## Supplied information
(* For $n\ge 4$, the dom-stability of the path $P_n$ is $St_{dom}(P_n)=2$ if $n\equiv 3\pmod 4$, and $St_{dom}(P_n)=1$ otherwise.
   Context: A dominated coloring of a graph is a proper coloring in which every color class is dominated by at least one vertex, i.e. for each color class $C$ there is a vertex adjacent to every vertex of $C$; $\chi_{dom}(G)$ is the minimum number of colors in a dominated coloring. The dom-stability $St_{dom}(G)$ is the minimum number of vertices of $G$ whose removal changes the dominated chromatic number of $G$. *)

theory Defs
  imports Main
begin

text \<open>A (simple) graph is given by a vertex set V and a symmetric irreflexive
adjacency relation E. Removing a set S of vertices yields the induced subgraph
on V - S (same relation E, smaller vertex set).\<close>

text \<open>On graphs without isolated vertices this agrees with the open-neighbourhood
version, since in a proper colouring a class containing its dominator is a
singleton.\<close>
definition dominates :: "'a set \<Rightarrow> ('a \<Rightarrow> 'a \<Rightarrow> bool) \<Rightarrow> 'a \<Rightarrow> 'a set \<Rightarrow> bool" where
  "dominates V E v C \<longleftrightarrow> v \<in> V \<and> (\<forall>u\<in>C. u = v \<or> E v u)"

definition proper_coloring :: "'a set \<Rightarrow> ('a \<Rightarrow> 'a \<Rightarrow> bool) \<Rightarrow> ('a \<Rightarrow> nat) \<Rightarrow> bool" where
  "proper_coloring V E c \<longleftrightarrow> (\<forall>u\<in>V. \<forall>v\<in>V. E u v \<longrightarrow> c u \<noteq> c v)"

definition dominated_coloring :: "'a set \<Rightarrow> ('a \<Rightarrow> 'a \<Rightarrow> bool) \<Rightarrow> ('a \<Rightarrow> nat) \<Rightarrow> bool" where
  "dominated_coloring V E c \<longleftrightarrow> proper_coloring V E c \<and>
     (\<forall>i\<in>c ` V. \<exists>v. dominates V E v {u\<in>V. c u = i})"

definition chi_dom :: "'a set \<Rightarrow> ('a \<Rightarrow> 'a \<Rightarrow> bool) \<Rightarrow> nat" where
  "chi_dom V E = (LEAST k. \<exists>c. dominated_coloring V E c \<and> card (c ` V) = k)"

definition dom_stability :: "'a set \<Rightarrow> ('a \<Rightarrow> 'a \<Rightarrow> bool) \<Rightarrow> nat" where
  "dom_stability V E = (LEAST k. \<exists>S\<subseteq>V. card S = k \<and> chi_dom (V - S) E \<noteq> chi_dom V E)"

definition path_vertices :: "nat \<Rightarrow> nat set" where
  "path_vertices n = {..<n}"

definition path_adj :: "nat \<Rightarrow> nat \<Rightarrow> bool" where
  "path_adj i j \<longleftrightarrow> i + 1 = j \<or> j + 1 = i"

end

theory Submission
  imports Defs
begin

(* Write chi(m) = 2 (m div 4) + min (m mod 4) 2. This is the dominated chromatic number of the
   path on m vertices: cutting the path into blocks of four, the vertices 4q, 4q+2 share a colour
   dominated by 4q+1 and 4q+1, 4q+3 share one dominated by 4q+2; conversely two non-adjacent
   vertices of one colour class have a common neighbour, hence are at distance 2, so the chi(m)
   vertices congruent to 0 or 1 mod 4 get pairwise distinct colours.
   A colour class lies in the closed neighbourhood of one vertex, so chi_dom is additive over
   disjoint unions; deleting vertex i from P_n therefore gives chi(i) + chi(n-1-i). For
   n = 3 mod 4 this always equals chi(n), whereas deleting both end vertices leaves P_(n-2)
   with chi(n-2) < chi(n); for the other residues deleting one suitable vertex already changes
   the value. *)

lemma chi_dom_le:
  assumes "dominated_coloring V E c"
  shows "chi_dom V E \<le> card (c ` V)"
  unfolding chi_dom_def using assms by (intro Least_le) blast

lemma chi_dom_attained:
  assumes "dominated_coloring V E c"
  obtains c' where "dominated_coloring V E c'" "card (c' ` V) = chi_dom V E"
  using LeastI_ex[of "\<lambda>k. \<exists>c. dominated_coloring V E c \<and> card (c ` V) = k"] assms
  unfolding chi_dom_def by blast

lemma dominated_coloring_inj_on:
  assumes "inj_on c V" "\<And>v. v \<in> V \<Longrightarrow> \<not> E v v"
  shows "dominated_coloring V E c"
proof -
  have "dominates V E v {u\<in>V. c u = c v}" if "v \<in> V" for v
    using that assms(1) unfolding dominates_def by (auto dest: inj_onD)
  then show ?thesis
    using assms unfolding dominated_coloring_def proper_coloring_def by (auto dest: inj_onD)
qed

lemma card_le_chi_dom:
  assumes "finite V" "dominated_coloring V E c0" "T \<subseteq> V"
    and no_common_dominator:
      "\<And>u v d. u \<in> T \<Longrightarrow> v \<in> T \<Longrightarrow> u \<noteq> v \<Longrightarrow> \<not> E u v \<Longrightarrow> \<not> dominates V E d {u, v}"
  shows "card T \<le> chi_dom V E"
proof -
  obtain c where c: "dominated_coloring V E c" "card (c ` V) = chi_dom V E"
    using chi_dom_attained[OF assms(2)] .
  have "inj_on c T"
  proof (rule inj_onI, rule ccontr)
    fix u v assume uv: "u \<in> T" "v \<in> T" "c u = c v" "u \<noteq> v"
    with assms(3) have "u \<in> V" "v \<in> V" by auto
    with c(1) uv(3) obtain d where "dominates V E d {w\<in>V. c w = c u}"
      unfolding dominated_coloring_def by blast
    with \<open>u \<in> V\<close> \<open>v \<in> V\<close> uv(3) have "dominates V E d {u, v}"
      unfolding dominates_def by auto
    moreover have "\<not> E u v"
      using c(1) \<open>u \<in> V\<close> \<open>v \<in> V\<close> uv(3)
      unfolding dominated_coloring_def proper_coloring_def by auto
    ultimately show False using no_common_dominator uv by blast
  qed
  then have "card T = card (c ` T)" by (simp add: card_image)
  also have "\<dots> \<le> card (c ` V)" using assms(1,3) by (intro card_mono) auto
  finally show ?thesis using c(2) by simp
qed

lemma dominated_coloring_Un:
  assumes c1: "dominated_coloring A E c1" and c2: "dominated_coloring B E c2"
    and bound: "c1 ` A \<subseteq> {..<p}"
  defines "c \<equiv> \<lambda>v. if v \<in> A then c1 v else p + c2 v"
  shows "dominated_coloring (A \<union> B) E c"
proof -
  have lt: "c1 v < p" if "v \<in> A" for v using bound that by auto
  have "c u \<noteq> c v" if "u \<in> A \<union> B" "v \<in> A \<union> B" "E u v" for u v
    using that c1 c2 lt[of u] lt[of v]
    unfolding dominated_coloring_def proper_coloring_def c_def by (auto split: if_splits)
  then have "proper_coloring (A \<union> B) E c" unfolding proper_coloring_def by blast
  moreover have "\<exists>d. dominates (A \<union> B) E d {u\<in>A \<union> B. c u = c x}" if x: "x \<in> A \<union> B" for x
  proof (cases "x \<in> A")
    case True
    then obtain d where "dominates A E d {u\<in>A. c1 u = c1 x}"
      using c1 unfolding dominated_coloring_def by blast
    moreover have "{u\<in>A \<union> B. c u = c x} = {u\<in>A. c1 u = c1 x}"
      using True lt[OF True] unfolding c_def by (auto split: if_splits)
    ultimately show ?thesis unfolding dominates_def by auto
  next
    case False
    then obtain d where "dominates B E d {u\<in>B. c2 u = c2 x}"
      using x c2 unfolding dominated_coloring_def by blast
    moreover have "{u\<in>A \<union> B. c u = c x} \<subseteq> {u\<in>B. c2 u = c2 x}"
      using False lt unfolding c_def by (auto split: if_splits dest: lt)
    ultimately show ?thesis unfolding dominates_def by blast
  qed
  ultimately show ?thesis unfolding dominated_coloring_def by blast
qed

lemma dominated_coloring_restrict:
  assumes "dominated_coloring V E c" "A \<subseteq> V"
    and "\<And>d u. d \<in> V - A \<Longrightarrow> u \<in> A \<Longrightarrow> \<not> E d u"
  shows "dominated_coloring A E c"
proof -
  have "\<exists>d. dominates A E d {u\<in>A. c u = c x}" if "x \<in> A" for x
  proof -
    obtain d where d: "dominates V E d {u\<in>V. c u = c x}"
      using assms(1,2) \<open>x \<in> A\<close> unfolding dominated_coloring_def by blast
    then have "x = d \<or> E d x" "d \<in> V"
      using assms(2) \<open>x \<in> A\<close> unfolding dominates_def by auto
    then have "d \<in> A" using assms(3) \<open>x \<in> A\<close> by blast
    with d assms(2) show ?thesis unfolding dominates_def by blast
  qed
  moreover have "proper_coloring A E c"
    using assms(1,2) unfolding dominated_coloring_def proper_coloring_def by blast
  ultimately show ?thesis unfolding dominated_coloring_def by blast
qed

lemma chi_dom_Un:
  assumes "finite A" "finite B" "A \<inter> B = {}"
    and no_edges: "\<And>u v. u \<in> A \<Longrightarrow> v \<in> B \<Longrightarrow> \<not> E u v \<and> \<not> E v u"
    and "dominated_coloring A E cA" "dominated_coloring B E cB"
  shows "chi_dom (A \<union> B) E = chi_dom A E + chi_dom B E"
proof (rule antisym)
  obtain c1 where c1: "dominated_coloring A E c1" "card (c1 ` A) = chi_dom A E"
    using chi_dom_attained assms(5) by blast
  obtain c2 where c2: "dominated_coloring B E c2" "card (c2 ` B) = chi_dom B E"
    using chi_dom_attained assms(6) by blast
  obtain p where p: "c1 ` A \<subseteq> {..<p}"
    using \<open>finite A\<close> finite_nat_set_iff_bounded[of "c1 ` A"] by blast
  define c where "c v = (if v \<in> A then c1 v else p + c2 v)" for v
  have c: "dominated_coloring (A \<union> B) E c"
    unfolding c_def using dominated_coloring_Un[OF c1(1) c2(1) p] .
  have "c ` (A \<union> B) \<subseteq> c1 ` A \<union> (+) p ` c2 ` B" unfolding c_def by auto
  then have "card (c ` (A \<union> B)) \<le> card (c1 ` A \<union> (+) p ` c2 ` B)"
    using assms(1,2) by (intro card_mono) auto
  also have "\<dots> \<le> card (c1 ` A) + card ((+) p ` c2 ` B)" by (rule card_Un_le)
  also have "\<dots> = card (c1 ` A) + card (c2 ` B)" by (simp add: card_image)
  finally have "card (c ` (A \<union> B)) \<le> card (c1 ` A) + card (c2 ` B)" .
  then show "chi_dom (A \<union> B) E \<le> chi_dom A E + chi_dom B E"
    using chi_dom_le[OF c] c1(2) c2(2) by simp
next
  obtain p where "cA ` A \<subseteq> {..<p}"
    using \<open>finite A\<close> finite_nat_set_iff_bounded[of "cA ` A"] by blast
  from dominated_coloring_Un[OF assms(5,6) this]
  obtain c where c: "dominated_coloring (A \<union> B) E c" "card (c ` (A \<union> B)) = chi_dom (A \<union> B) E"
    by (rule chi_dom_attained)
  have "dominated_coloring A E c" "dominated_coloring B E c"
    using dominated_coloring_restrict[OF c(1)] no_edges assms(3) by blast+
  then have "chi_dom A E + chi_dom B E \<le> card (c ` A) + card (c ` B)"
    by (simp add: add_mono chi_dom_le)
  also have "\<dots> = card (c ` (A \<union> B))"
  proof -
    have "c x \<noteq> c y" if "x \<in> A" "y \<in> B" for x y
    proof
      assume "c x = c y"
      moreover obtain d where "dominates (A \<union> B) E d {u\<in>A \<union> B. c u = c x}"
        using c(1) \<open>x \<in> A\<close> unfolding dominated_coloring_def by blast
      ultimately have "d \<in> A \<union> B" "x = d \<or> E d x" "y = d \<or> E d y"
        using that unfolding dominates_def by auto
      then show False using that no_edges assms(3) by blast
    qed
    then have "c ` A \<inter> c ` B = {}" by blast
    then show ?thesis using assms(1,2) by (simp add: card_Un_disjoint image_Un)
  qed
  finally show "chi_dom A E + chi_dom B E \<le> chi_dom (A \<union> B) E" using c(2) by simp
qed

lemma dominated_coloring_cong:
  "(\<And>v. v \<in> V \<Longrightarrow> c v = c' v) \<Longrightarrow> dominated_coloring V E c \<longleftrightarrow> dominated_coloring V E c'"
proof -
  assume same: "\<And>v. v \<in> V \<Longrightarrow> c v = c' v"
  then have "c ` V = c' ` V" "\<And>i. {u\<in>V. c u = i} = {u\<in>V. c' u = i}" by auto
  with same show ?thesis unfolding dominated_coloring_def proper_coloring_def by simp
qed

lemma dominated_coloring_image_iff:
  assumes "inj_on f V" and adj: "\<And>u v. u \<in> V \<Longrightarrow> v \<in> V \<Longrightarrow> E' (f u) (f v) \<longleftrightarrow> E u v"
  shows "dominated_coloring (f ` V) E' c \<longleftrightarrow> dominated_coloring V E (c \<circ> f)"
proof -
  have proper: "proper_coloring (f ` V) E' c \<longleftrightarrow> proper_coloring V E (c \<circ> f)"
    unfolding proper_coloring_def using adj by auto
  have dom: "dominates (f ` V) E' (f d) {w\<in>f ` V. c w = i} \<longleftrightarrow>
      dominates V E d {u\<in>V. c (f u) = i}" if "d \<in> V" for d i
  proof -
    have "{w\<in>f ` V. c w = i} = f ` {u\<in>V. c (f u) = i}" by auto
    then show ?thesis
      using that adj unfolding dominates_def by (auto simp: inj_on_eq_iff[OF assms(1)])
  qed
  have "(\<exists>d. dominates (f ` V) E' d {w\<in>f ` V. c w = i}) \<longleftrightarrow>
      (\<exists>d. dominates V E d {u\<in>V. c (f u) = i})" for i
  proof
    assume "\<exists>d. dominates (f ` V) E' d {w\<in>f ` V. c w = i}"
    then obtain d where d: "dominates (f ` V) E' d {w\<in>f ` V. c w = i}" by blast
    then obtain d' where "d' \<in> V" "d = f d'" unfolding dominates_def by blast
    with d dom show "\<exists>d. dominates V E d {u\<in>V. c (f u) = i}" by blast
  next
    assume "\<exists>d. dominates V E d {u\<in>V. c (f u) = i}"
    then obtain d where d: "dominates V E d {u\<in>V. c (f u) = i}" by blast
    then have "d \<in> V" unfolding dominates_def by blast
    with d dom show "\<exists>d. dominates (f ` V) E' d {w\<in>f ` V. c w = i}" by blast
  qed
  with proper show ?thesis unfolding dominated_coloring_def by (simp add: image_comp)
qed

## How to complete this task
From the data above, return every line from the line that has "from dominated_coloring_Un[OF assms(5,6)" up to and including the line that has "E' c \<longleftrightarrow> proper_coloring", exactly.

## Expected answer
  from dominated_coloring_Un[OF assms(5,6) this]
  obtain c where c: "dominated_coloring (A \<union> B) E c" "card (c ` (A \<union> B)) = chi_dom (A \<union> B) E"
    by (rule chi_dom_attained)
  have "dominated_coloring A E c" "dominated_coloring B E c"
    using dominated_coloring_restrict[OF c(1)] no_edges assms(3) by blast+
  then have "chi_dom A E + chi_dom B E \<le> card (c ` A) + card (c ` B)"
    by (simp add: add_mono chi_dom_le)
  also have "\<dots> = card (c ` (A \<union> B))"
  proof -
    have "c x \<noteq> c y" if "x \<in> A" "y \<in> B" for x y
    proof
      assume "c x = c y"
      moreover obtain d where "dominates (A \<union> B) E d {u\<in>A \<union> B. c u = c x}"
        using c(1) \<open>x \<in> A\<close> unfolding dominated_coloring_def by blast
      ultimately have "d \<in> A \<union> B" "x = d \<or> E d x" "y = d \<or> E d y"
        using that unfolding dominates_def by auto
      then show False using that no_edges assms(3) by blast
    qed
    then have "c ` A \<inter> c ` B = {}" by blast
    then show ?thesis using assms(1,2) by (simp add: card_Un_disjoint image_Un)
  qed
  finally show "chi_dom A E + chi_dom B E \<le> chi_dom (A \<union> B) E" using c(2) by simp
qed

lemma dominated_coloring_cong:
  "(\<And>v. v \<in> V \<Longrightarrow> c v = c' v) \<Longrightarrow> dominated_coloring V E c \<longleftrightarrow> dominated_coloring V E c'"
proof -
  assume same: "\<And>v. v \<in> V \<Longrightarrow> c v = c' v"
  then have "c ` V = c' ` V" "\<And>i. {u\<in>V. c u = i} = {u\<in>V. c' u = i}" by auto
  with same show ?thesis unfolding dominated_coloring_def proper_coloring_def by simp
qed

lemma dominated_coloring_image_iff:
  assumes "inj_on f V" and adj: "\<And>u v. u \<in> V \<Longrightarrow> v \<in> V \<Longrightarrow> E' (f u) (f v) \<longleftrightarrow> E u v"
  shows "dominated_coloring (f ` V) E' c \<longleftrightarrow> dominated_coloring V E (c \<circ> f)"
proof -
  have proper: "proper_coloring (f ` V) E' c \<longleftrightarrow> proper_coloring V E (c \<circ> f)"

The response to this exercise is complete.